WHAT IS EXPECTED ▸
Count the lines in the records below that contain the word "whose", and give only that number.
━━ DATA FOR THIS TASK ━━
(* For every odd prime $p$ there exist infinitely many real quadratic fields $K = \mathbb{Q}(\sqrt M)$ whose fundamental unit $\varepsilon_M$ is a $p$-th power in $K_{\mathfrak p}$ for every prime $\mathfrak p \mid p$ of $K$ (equivalently, the normalized $p$-adic regulator of $K$ is divisible by $p$); in particular there exist infinitely many real quadratic fields that are not $p$-rational.
   Context: $\varepsilon_M>1$ is the fundamental unit of $K$. For a number field $K$ and prime $p$, let $\mathfrak T_K$ be the torsion subgroup of the Galois group over $K$ of the maximal abelian pro-$p$-extension of $K$ unramified outside $p$ and $\infty$. $K$ is called $p$-rational if it satisfies the Leopoldt conjecture at $p$ (automatic for real quadratic fields) and $\mathfrak T_K$ is trivial. *)

theory Defs
  imports Complex_Main "HOL-Computational_Algebra.Computational_Algebra" "HOL-Algebra.Ideal_Product"
begin

definition qfield :: "int \<Rightarrow> real set" where
  "qfield M = {of_rat a + of_rat b * sqrt (of_int M) | a b. True}"

definition ring_of_integers :: "int \<Rightarrow> real set" where
  "ring_of_integers M = {x \<in> qfield M. algebraic_int x}"

definition OK_ring :: "int \<Rightarrow> real ring" where
  "OK_ring M = \<lparr>carrier = ring_of_integers M, monoid.mult = (*), one = 1,
                 zero = 0, add = (+)\<rparr>"

definition is_fundamental_unit :: "int \<Rightarrow> real \<Rightarrow> bool" where
  "is_fundamental_unit M e \<longleftrightarrow>
     e \<in> ring_of_integers M \<and> inverse e \<in> ring_of_integers M \<and> e > 1 \<and>
     (\<forall>u. u \<in> ring_of_integers M \<and> inverse u \<in> ring_of_integers M \<and> u > 1 \<longrightarrow> e \<le> u)"

fun ideal_power :: "int \<Rightarrow> real set \<Rightarrow> nat \<Rightarrow> real set" where
  "ideal_power M P 0 = ring_of_integers M"
| "ideal_power M P (Suc n) = ideal_prod (OK_ring M) P (ideal_power M P n)"

definition primes_above :: "int \<Rightarrow> nat \<Rightarrow> real set set" where
  "primes_above M p = {P. primeideal P (OK_ring M) \<and> real p \<in> P}"

text \<open>u (in O_K) is a p-th power in the completion K_P: u is a P-adic limit of
  p-th powers of elements of O_K, i.e. for every n there is x in O_K with
  u - x^p in P^n (O_K is dense in the P-adic completion, which is complete, and
  the p-th power map on the compact ring O_P is closed).\<close>
definition pth_power_in_completion :: "int \<Rightarrow> nat \<Rightarrow> real set \<Rightarrow> real \<Rightarrow> bool" where
  "pth_power_in_completion M p P u \<longleftrightarrow>
     (\<forall>n. \<exists>x \<in> ring_of_integers M. u - x ^ p \<in> ideal_power M P n)"

end

theory Submission
  imports Defs "HOL-Library.Infinite_Set"
begin

(* Let d be such that d and p^4 d + 1 are squarefree (a sieve over d = 1 mod 4 shows that such d
   are unbounded) and put M = d (p^4 d + 1) = (d p^2)^2 + d.  This is a field of Richaud-Degert
   type, whose fundamental unit is eps = 2 d p^4 + 1 + 2 p^2 sqrt M: it has norm 1, and it is
   minimal because x^2 - M y^2 = +-4 has no solution with 0 < y < 4 p^2.  Since eps = 1 mod p^2
   and p is odd, Newton's iteration for x^p = eps converges p-adically, so eps is a p-th power
   in the completion at every prime above p. *)

section \<open>Integer and rational polynomials\<close>

lemma map_poly_of_int_add:
  "map_poly (of_int :: int \<Rightarrow> 'a::comm_ring_1) (p + q) = map_poly of_int p + map_poly of_int q"
  by (rule poly_eqI) (simp add: coeff_map_poly)

lemma map_poly_of_int_mult:
  "map_poly (of_int :: int \<Rightarrow> 'a::comm_ring_1) (p * q) = map_poly of_int p * map_poly of_int q"
  by (rule poly_eqI) (simp add: coeff_mult coeff_map_poly of_int_sum)

lemma map_poly_of_int_power:
  "map_poly (of_int :: int \<Rightarrow> 'a::comm_ring_1) (p ^ n) = map_poly of_int p ^ n"
  by (induction n) (simp_all add: map_poly_of_int_mult)

lemma map_poly_of_int_eq_iff [simp]:
  "map_poly (of_int :: int \<Rightarrow> 'a::ring_char_0) p = map_poly of_int q \<longleftrightarrow> p = q"
  by (auto simp: poly_eq_iff coeff_map_poly)

lemma map_poly_of_rat_add:
  "map_poly (of_rat :: rat \<Rightarrow> 'a::field_char_0) (p + q) = map_poly of_rat p + map_poly of_rat q"
  by (rule poly_eqI) (simp add: coeff_map_poly of_rat_add)

lemma map_poly_of_rat_mult:
  "map_poly (of_rat :: rat \<Rightarrow> 'a::field_char_0) (p * q) = map_poly of_rat p * map_poly of_rat q"
  by (rule poly_eqI) (simp add: coeff_mult coeff_map_poly of_rat_sum of_rat_mult)

lemma rat_poly_clear_denominators:
  fixes f :: "rat poly"
  obtains E :: int and F where "E > 0" "smult (of_int E) f = map_poly of_int F"
proof -
  have "\<exists>E F. E > (0::int) \<and> smult (of_int E) f = map_poly of_int F"
  proof (induction f rule: pCons_induct)
    case 0
    show ?case by (rule exI[of _ 1], rule exI[of _ 0]) simp
  next
    case (pCons c f)
    then obtain E F where EF: "E > 0" "smult (of_int E) f = map_poly of_int F" by blast
    obtain n m where c: "quotient_of c = (n, m)" by (cases "quotient_of c")
    have "m > 0" using quotient_of_denom_pos[OF c] .
    moreover have "smult (of_int (m * E)) (pCons c f) = map_poly of_int (pCons (n * E) (smult m F))"
      using EF(2)[symmetric] \<open>m > 0\<close> quotient_of_div[OF c] by (simp add: map_poly_pCons map_poly_smult)
    ultimately show ?case using EF(1) by (metis mult_pos_pos)
  qed
  thus ?thesis using that by blast
qed

lemma content_int_poly_nonneg: "content (q :: int poly) \<ge> 0"
  by (metis abs_ge_zero normalize_content normalize_int_def)

lemma content_monic:
  fixes q :: "int poly"
  assumes "lead_coeff q = 1"
  shows "content q = 1"
  using content_dvd_coeff[of q "degree q"] assms content_int_poly_nonneg[of q] by simp

lemma monic_factor_of_monic_int_poly:
  fixes q :: "int poly" and g h :: "rat poly"
  assumes q: "lead_coeff q = 1" and fac: "map_poly of_int q = g * h" and g: "lead_coeff g = 1"
  shows "coeff g i \<in> \<int>"
proof -
  obtain D G where DG: "D > 0" "smult (of_int D) g = map_poly of_int G"
    by (rule rat_poly_clear_denominators)
  obtain E H where EH: "E > 0" "smult (of_int E) h = map_poly of_int H"
    by (rule rat_poly_clear_denominators)
  have "lead_coeff (map_poly (of_int :: int \<Rightarrow> rat) q) = 1"
    using q by (simp add: degree_map_poly coeff_map_poly)
  hence h: "lead_coeff h = 1"
    using fac g by (simp add: lead_coeff_mult)
  have "map_poly of_int (smult (D * E) q) = (map_poly of_int (G * H) :: rat poly)"
    using fac DG(2)[symmetric] EH(2)[symmetric]
    by (simp add: map_poly_smult map_poly_of_int_mult mult_smult_left mult_smult_right mult.commute)
  hence "G * H = smult (D * E) q"
    by simp
  hence "content G * content H = content (smult (D * E) q)"
    by (metis content_mult)
  also have "\<dots> = D * E"
    using content_monic[OF q] DG(1) EH(1) by (simp add: content_smult)
  finally have "content G * content H = D * E" .
  moreover have "content G dvd D" "content H dvd E"
    using content_dvd_coeff[of G "degree g"] content_dvd_coeff[of H "degree h"]
      arg_cong[OF DG(2), of "\<lambda>r. coeff r (degree g)"] arg_cong[OF EH(2), of "\<lambda>r. coeff r (degree h)"]
      g h by (simp_all add: coeff_map_poly)
  ultimately have "content G = D"
    using DG(1) EH(1) content_int_poly_nonneg[of G]
    by (metis dvd_mult_cancel_left dvd_times_right_cancel_iff less_le_not_le zdvd_antisym_nonneg)
  then obtain k where "coeff G i = D * k"
    using content_dvd_coeff[of G i] by (metis dvdE)
  hence "of_int D * coeff g i = of_int (D * k)"
    using arg_cong[OF DG(2), of "\<lambda>r. coeff r i"] by (simp add: coeff_map_poly)
  thus ?thesis
    using DG(1) by simp
qed

section \<open>Real quadratic fields\<close>

lemma Ints_if_squarefree_mult_square:
  fixes M :: int and b :: rat
  assumes sf: "squarefree M" and Mb: "of_int M * b^2 \<in> \<int>"
  shows "b \<in> \<int>"
proof -
  obtain P Q where PQ: "quotient_of b = (P, Q)"
    by (cases "quotient_of b")
  have Q: "Q > 0" "coprime P Q" "b = of_int P / of_int Q"
    using quotient_of_denom_pos[OF PQ] quotient_of_coprime[OF PQ] quotient_of_div[OF PQ] by auto
  obtain n where "of_int M * b^2 = of_int n"
    using Mb by (auto elim: Ints_cases)
  hence "of_int (M * P^2) = (of_int (n * Q^2) :: rat)"
    using Q by (simp add: field_simps)
  hence "Q^2 dvd M * P^2"
    by (metis dvd_triv_right of_int_eq_iff)
  moreover have "coprime (Q^2) (P^2)"
    using Q(2) by (simp add: coprime_commute)
  ultimately have "Q^2 dvd M"
    using coprime_dvd_mult_left_iff by blast
  hence "Q = 1"
    using squarefreeD[OF sf] Q(1) by fastforce
  thus ?thesis
    using Q(3) by simp
qed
━━━
EXERCISE SOLUTION ▸
2